Samaan v. St. Joseph Hosp.

Citation764 F.Supp.2d 240
Decision Date10 February 2011
Docket NumberNo. 1:09–cv–00656–JAW.,1:09–cv–00656–JAW.
PartiesAnton K. SAMAAN, Plaintiff,v.ST. JOSEPH HOSPITAL, et al., Defendants.
CourtUnited States District Courts. 1st Circuit. United States District Court (Maine)

OPINION TEXT STARTS HERE

John P. Flynn, III, Daniel G. Lilley Law Offices, P.A., Portland, ME, for Plaintiff.

James F. Martemucci, L. John Topchik, Germani Martemucci Riggle & Hill, Jeffrey D. Russell, Thomas V. Laprade, Lambert Coffin Haenn, Portland, ME, for Defendants.

ORDER DENYING MOTION FOR RECONSIDERATION

JOHN A. WOODCOCK, JR., Chief Judge.

The Court denies the Defendants' motion for reconsideration of the Court's earlier denial of their motion for summary judgment.

I. STATEMENT OF FACTSA. Procedural History

On July 2, 2010, David Kaplan, M.D. moved for summary judgment against Anton Samaan, contending that because Mr. Samaan had failed to present competent expert testimony to support his claims against the doctor, Dr. Kaplan was entitled to summary judgment. Def. David Kaplan, M.D.'s Mot. for Summ. J. (Docket # 24). With his motion for summary judgment, Dr. Kaplan filed a motion in limine seeking to exclude the opinions of Mr. Samaan's expert witness. Def. David Kaplan, M.D.'s Mot. in Limine to Exclude Testimony of Ravi Tikoo, M.D. (Docket # 26). Codefendant St. Joseph Hospital joined Dr. Kaplan's motion. Def. St. Joseph Hospital's Mot. for Summ. J. (Docket # 29). On October 14, 2010, 744 F.Supp.2d 367, 2010 WL 4053672 (D.Me.2010), the Court denied the motion in limine and the motion for summary judgment. Order on Mot. in Limine (Docket # 49); Order Denying Def.'s Mot. for Summ. J. (Docket # 50).
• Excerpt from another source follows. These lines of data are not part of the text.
theorem theorem5p3:
  fixes d :: nat and q :: real
  assumes "d \<ge> 2" and "q \<noteq> 0"
  shows "\<exists>Lam0 :: real. Lam0 > 0 \<and>
    (\<forall>(tmax :: ereal) (X :: real \<Rightarrow> real) (Y :: real \<Rightarrow> real) (Z :: real \<Rightarrow> real)
       (W :: real \<Rightarrow> real) (g :: real \<Rightarrow> real) (C :: real) (lam :: real).
       solves_S d q {t. ereal t < tmax} X Y Z W
       \<and> (\<forall>t\<in>{t. ereal t < tmax}. g t > 0 \<and> (g has_real_derivative (g t * X t)) (at t))
       \<and> (\<forall>t\<in>{t. ereal t < tmax}.
             real d * (X t)^2 + A2 d * (Y t)^2 + (Z t)^2 - A3 d q * (W t)^2
               = 1 - C * (g t * Y t)^2)
       \<and> (\<forall>t\<in>{t. ereal t < tmax}. Y t > 0 \<and> W t > 0)
       \<and> (X \<longlongrightarrow> 0) at_bot \<and> (Y \<longlongrightarrow> 0) at_bot \<and> (Z \<longlongrightarrow> 1) at_bot \<and> (W \<longlongrightarrow> 0) at_bot
       \<and> C > 0
       \<and> ((\<lambda>t. W t / (Y t)^2) \<longlongrightarrow> 1) at_bot
       \<and> (g \<longlongrightarrow> lam) at_bot \<and> lam > 0
       \<and> C * lam^2 \<ge> Lam0
       \<longrightarrow> (\<forall>t\<in>{t. ereal t < tmax}. (W t)^2 / (Y t)^2 \<le> A2 d / (A3 d q * (real d + 2))))"
  apply (intro exI[of _ "2 * exp 6 * A3 d q / real d"] conjI allI impI ballI; (elim conjE)?)
  subgoal using assms A3_pos by simp
  subgoal premises H for tmax X Y Z W g C lam t
  proof -
    interpret S_orbit d q "{t. ereal t < tmax}" X Y Z W g C lam
      using assms H by unfold_locales (auto intro: le_less_trans[OF ereal_less_eq(3)[THEN iffD2]])
    show ?thesis using H by (intro W_sq_div_Y_sq_le) auto
  qed
  done

end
On October 19, 2010, Dr. Kaplan moved for reconsideration. Def. David Kaplan, M.D.'s Mot. for Recons. of the Court's Order on his Mot. for Summ. J. or in the Alternative for a Daubert Hr'g on the Admissibility of the Opinions of the Pl.'s Causation Expert (Docket # 53) ( Defs.' Daubert Mot.). Mr. Samaan objected. Pl.'s Mem. in Opp'n. to Def. Kaplan's Mot. for Recons., or in the Alternative, for Daubert Hr'g (Docket # 65) ( Pl.'s Daubert Opp'n.). On November 15, 2010, the Court denied the motion for reconsideration but granted the motion for a Daubert hearing. Order (Docket # 68) ( Hr'g Order ). Following a December 9, 2010 testimonial hearing, on December 21, 2010, 755 F.Supp.2d 236, 2010 WL 5177740 (D.Me.2010), the Court granted Dr. Kaplan's motion to exclude the expert testimony of Dr. Tikoo. Order on Daubert Hr'g (Docket # 91) (Daubert Order ).
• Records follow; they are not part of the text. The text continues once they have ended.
lemma near_points_follow_escaping_orbit:
  assumes "topologically_anosov f" "alpha_limit f z = {}" "0 < \<eta>"
  shows "\<exists>s>0. \<forall>m p j. dist ((f ^^ Suc m) z) a < s \<longrightarrow> dist p a < s \<longrightarrow>
    dist ((f ^^ j) p) ((f ^^ (Suc m + j)) z) < \<eta>"
proof -
  have "bij f" "continuous_on UNIV (inv f)"
    using topologically_anosov_inv[OF assms(1)] by auto
  obtain \<epsilon> where \<epsilon>: "pos_cont_fun \<epsilon>" "\<And>x. \<epsilon> x \<le> \<eta>"
    and unique:
      "\<And>y. \<forall>k. norm ((inv f ^^ k) z - (inv f ^^ k) y) < \<epsilon> ((inv f ^^ k) z) \<Longrightarrow> y = z"
    using escaping_orbit_followed_only_by_itself[OF \<open>continuous_on UNIV (inv f)\<close>
        bij_is_inj[OF bij_imp_bij_inv[OF \<open>bij f\<close>]] alpha_limit_empty_escapes[OF assms(2)]
        assms(3)]
    by blast
  obtain \<delta> where "pos_cont_fun \<delta>"
    and shadowing: "\<And>xs. pseudo_orbit f \<delta> xs \<Longrightarrow> \<exists>y. shadows f \<epsilon> y xs"
    using assms(1) \<epsilon>(1) unfolding topologically_anosov_def by blast
  obtain s where "0 < s" and s: "\<And>x p. dist x a < s \<Longrightarrow> dist p a < s \<Longrightarrow> norm (x - p) < \<delta> x"
    using pos_cont_fun_small_jumps_near[OF \<open>pos_cont_fun \<delta>\<close>] by blast
  have "dist ((f ^^ j) p) ((f ^^ (Suc m + j)) z) < \<eta>"
    if "dist ((f ^^ Suc m) z) a < s" "dist p a < s" for m p j
  proof -
    have "pseudo_orbit f \<delta> (jump_orbit f z m p)"
      by (rule pseudo_orbit_jump_orbit[OF bij_is_surj[OF \<open>bij f\<close>] \<open>pos_cont_fun \<delta>\<close> s[OF that]])
    then obtain y
      where y: "\<And>n. norm (jump_orbit f z m p n - iter_int f n y) < \<epsilon> (jump_orbit f z m p n)"
      using shadowing unfolding shadows_def by blast
    have "norm ((inv f ^^ k) z - (inv f ^^ k) y) < \<epsilon> ((inv f ^^ k) z)" for k
      using y[of "- int k"] unfolding jump_orbit_past iter_int_uminus_of_nat .
    then have "y = z" by (intro unique) blast
    moreover have "norm ((f ^^ j) p - (f ^^ (Suc m + j)) y) < \<epsilon> ((f ^^ j) p)"
      using y[of "int (Suc m + j)"] unfolding jump_orbit_future iter_int_of_nat .
    ultimately show ?thesis
      using \<epsilon>(2)[of "(f ^^ j) p"] by (simp add: dist_norm)
  qed
  with \<open>0 < s\<close> show ?thesis by blast
qed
On December 23, 2010, Dr. Kaplan and St. Joseph Hospital moved for reconsideration of the Court's October 14, 2010 Order on summary judgment. Defs. St. Joseph Hosp.'s and David Kaplan, M.D.'s Mot. for Recons. of the Court's Order on Mots. for Summ. J. (Docket # 94) ( Defs.' Mot.). On January 11, 2011, Mr. Samaan objected. Pl.'s Mem. in Opp'n. to Defs. David Kaplan's and St. Joseph Hosp.'s Mot. for Recons. of the Court's Order on Mots. for Summ. J. (Docket # 99) ( Pl.'s Opp'n.). On January 13, 2011, the Defendants replied. Defs.' Joint Reply to Pl.'s Opp'n to Mot. for Recons. of the Court's Order on Their Mot. for Summ. J. (Docket # 101) ( Defs.' Reply ).
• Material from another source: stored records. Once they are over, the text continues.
lemma expectation_binomial_pmf_lipschitz:
  fixes F :: "nat \<Rightarrow> real" and p :: real
  assumes p: "p \<in> {0..1}" and z: "z \<le> n" "\<bar>real z - real n * p\<bar> \<le> 1"
    and lip: "\<And>a b. a \<le> n \<Longrightarrow> b \<le> n \<Longrightarrow> \<bar>F a - F b\<bar> \<le> L * \<bar>real a - real b\<bar>"
    and "L \<ge> 0"
  shows "\<bar>F z - measure_pmf.expectation (binomial_pmf n p) F\<bar> \<le> L * (sqrt n + 1)"
proof -
  let ?E = "measure_pmf.expectation (binomial_pmf n p)"
  have support: "k \<le> n" if "k \<in> set_pmf (binomial_pmf n p)" for k
    using that p by (auto simp: set_pmf_binomial_eq split: if_splits)
  have "\<bar>F z - ?E F\<bar> = \<bar>?E (\<lambda>k. F z - F k)\<bar>"
    using p by simp
  also have "\<dots> \<le> ?E (\<lambda>k. \<bar>F z - F k\<bar>)"
    by (rule integral_abs_bound)
  also have "\<dots> \<le> ?E (\<lambda>k. L * (\<bar>real k - real n * p\<bar> + 1))"
  proof (rule integral_mono_AE)
    show "AE k in binomial_pmf n p. \<bar>F z - F k\<bar> \<le> L * (\<bar>real k - real n * p\<bar> + 1)"
    proof (rule AE_pmfI)
      fix k assume "k \<in> set_pmf (binomial_pmf n p)"
      then have "\<bar>F z - F k\<bar> \<le> L * \<bar>real z - real k\<bar>"
        using lip z support by blast
      also have "\<dots> \<le> L * (\<bar>real k - real n * p\<bar> + 1)"
        using z \<open>L \<ge> 0\<close> by (intro mult_left_mono) auto
      finally show "\<bar>F z - F k\<bar> \<le> L * (\<bar>real k - real n * p\<bar> + 1)" .
    qed
  qed (use p in simp_all)
  also have "\<dots> = L * (?E (\<lambda>k. \<bar>real k - real n * p\<bar>) + 1)"
    using p by simp
  also have "\<dots> \<le> L * (sqrt n + 1)"
    using binomial_pmf_abs_deviation[OF p] \<open>L \<ge> 0\<close> by (intro mult_left_mono) auto
  finally show ?thesis .
qed

section \<open>Coupling the two sampling schemes\<close>

lemma map_pmf_take_replicate_pmf:
  assumes "z \<le> m"
  shows "map_pmf (take z) (replicate_pmf m D) = replicate_pmf z D"
proof -
  obtain k where m: "m = z + k" using assms le_Suc_ex by blast
  have "map_pmf (take z) (replicate_pmf m D) =
     replicate_pmf z D \<bind> (\<lambda>xs. replicate_pmf k D \<bind> (\<lambda>ys. return_pmf (take z (xs @ ys))))"
    unfolding m replicate_pmf_distrib by (simp add: map_bind_pmf)
  also have "\<dots> = replicate_pmf z D \<bind> return_pmf"
    by (intro bind_pmf_cong refl) (simp add: set_replicate_pmf)
  finally show ?thesis by (simp add: bind_return_pmf')
qed

lemma nat_floor_eq_diff_nat_ceiling:
  fixes \<eta> :: real
  assumes "0 \<le> \<eta>" "\<eta> \<le> 1"
  shows "nat \<lfloor>\<eta> * m\<rfloor> = m - nat \<lceil>(1 - \<eta>) * m\<rceil>"
proof -
  have "\<lceil>(1 - \<eta>) * m\<rceil> = int m - \<lfloor>\<eta> * m\<rfloor>"
    using ceiling_add_of_int[of "- (\<eta> * m)" "int m"] by (simp add: algebra_simps ceiling_minus)
  moreover have "0 \<le> \<lfloor>\<eta> * m\<rfloor>" "\<lfloor>\<eta> * m\<rfloor> \<le> int m"
    using assms mult_left_le_one_le[of "real m" \<eta>] by (simp_all add: floor_le_iff)
  ultimately show ?thesis by linarith
qed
B. The Positions of the Parties

1. The Defendants' Position

Referring to the Court Order on the Daubert hearing, the Defendants say that “it is now clear that Plaintiff will not be able to present expert evidence on causation.” Defs.' Mot. at 3. With the exclusion of Dr. Tikoo's testimony, the Defendants say that Mr. Samaan cannot present evidence that there was a departure from a recognized standard of care that more likely than not caused him injury. Id. The Defendants therefore contend they are entitled to summary judgment.

2. Plaintiff's Position

Mr. Samaan objects on a number of grounds. First, he says that Rule 59 does “not provide a procedural avenue for the defendants to appeal the denial of a summary judgment motion, because such an order is interlocutory.” Pl.'s Opp'n. at 2. Mr. Samaan again reminds the Court that he raised this issue when he opposed the Defendants' motion for reconsideration and that he raised the issue again during a November 17, 2010 telephone conference with the Court. Id. He says that when he questioned why a Daubert hearing was being held, the Court “merely replied: ‘Because I want to.’ Id. Mr. Samaan contends that Rule 59 is “expressly designed and intended to provide only for motions made post-trial, and following the entry of judgment.” Id. Because the denial of a motion for summary judgment is an interlocutory order, which cannot be appealed under Rule 59, Mr. Samaan says that the motion is out of order. Id.

Mr. Samaan says that the “second reason that defendants' current motion must be denied is that the claim for professional negligence is not the only claim asserted in the complaint.” Id. at 3. He points out that he has a claim for the negligent infliction of emotional distress. Id. at 3–4.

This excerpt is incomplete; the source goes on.